lemma bond_energy_le_sep_form:
  assumes "\<And>i. 1/2 \<le> Q (unitv i)"
  shows "ennreal (1/8) * bond_energy \<rho> F \<le> sep_form Q \<rho> F"
proof -
  define g where "g = (\<lambda>(x, y). ennreal (Q (y - x) / 4) * pair_energy \<rho> F x y)"
  define h :: "'a site \<times> 'a \<Rightarrow> 'a site \<times> 'a site" where "h = (\<lambda>(x, i). (x, x + unitv i))"
  have "inj h"
    using inj_unitv by (auto simp: inj_on_def h_def dest: injD)
  have "ennreal (1/8) * bond_energy \<rho> F = (\<Sum>\<^sub>\<infinity>(x, i)\<in>UNIV. ennreal (1/8) * pair_energy \<rho> F x (x + unitv i))"
    by (simp add: bond_energy_def pair_energy_def case_prod_unfold flip: infsum_cmult_right_ennreal)
  also have "\<dots> \<le> (\<Sum>\<^sub>\<infinity>p\<in>UNIV. g (h p))"
    using assms by (intro infsum_mono) (auto simp: g_def h_def intro!: mult_right_mono ennreal_leI)
  also have "\<dots> = (\<Sum>\<^sub>\<infinity>q\<in>range h. g q)"
    using infsum_reindex[OF \<open>inj h\<close>, of g] by (simp add: o_def)
  also have "\<dots> \<le> (\<Sum>\<^sub>\<infinity>q\<in>UNIV. g q)"
    by (rule infsum_mono_neutral) auto
  also have "\<dots> = sep_form Q \<rho> F"
    by (simp add: sep_form_def g_def pair_energy_def)
  finally show ?thesis .
qed

lemma nearest_unitv: "nearest x (x + unitv i)"
proof -
  have "(\<Sum>k\<in>UNIV. \<bar>x $ k - (x + unitv i) $ k\<bar>) = (\<Sum>k\<in>UNIV. if k = i then 1 else 0)"
    by (intro sum.cong refl) (simp add: unitv_def)
  then show ?thesis by (simp add: nearest_def)
qed

lemma admissible_rates_unitv:
  assumes "admissible_rates lam r c"
  shows "1 \<le> c x (x + unitv i) \<eta>" "c x (x + unitv i) \<eta> \<le> lam"
  using assms nearest_unitv[of x i] unfolding admissible_rates_def by blast+
theorem mainTheorem5:
  fixes L :: "'a set" and r s :: "'a \<Rightarrow> 'a" and c :: "'a \<Rightarrow> 'a \<Rightarrow> 'a" and v :: 'a
  assumes "LCSC L r s c" and "finitely_aligned L r s c" and "v \<in> objects L r"
  defines "DH \<equiv> {H. H \<subseteq> rset L r v \<and> directed L r s c H \<and> hereditary L r s c H}"
  shows "bij_betw (H_of L r s c v) (Lstar L r s c v) DH
    \<and> (\<forall>C\<in>Lstar L r s c v. C_of L r s c v (H_of L r s c v C) = C)
    \<and> (\<forall>H\<in>DH. C_of L r s c v H \<in> Lstar L r s c v \<and> H_of L r s c v (C_of L r s c v H) = H)
    \<and> (\<forall>C1\<in>Lstar L r s c v. \<forall>C2\<in>Lstar L r s c v.
          C1 \<subseteq> C2 \<longleftrightarrow> H_of L r s c v C1 \<subseteq> H_of L r s c v C2)
    \<and> (\<forall>C\<in>Lstar L r s c v. U_of L r s c v C =
          {A \<in> A_ring L r s c v. \<exists>a\<in>H_of L r s c v C. H_of L r s c v C \<inter> mset L r s c a \<subseteq> A})"
proof -
  interpret lcsc_object L r s c v
    by unfold_locales (rule assms)+
  show ?thesis
    unfolding DH_def
    using H_of_bij C_of_H_of C_of_in_Lstar H_of_C_of H_of_mono_iff U_of_eq_tail_filter
    by (simp add: tail_filter_def tail_in_def A_ring_def)
qed

end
--------------------------------------------------
Problem: Above are the records. Copy every line in them holding "thesis".

Reply to the exercise:
  finally show ?thesis .
  then show ?thesis by (simp add: nearest_def)
  show ?thesis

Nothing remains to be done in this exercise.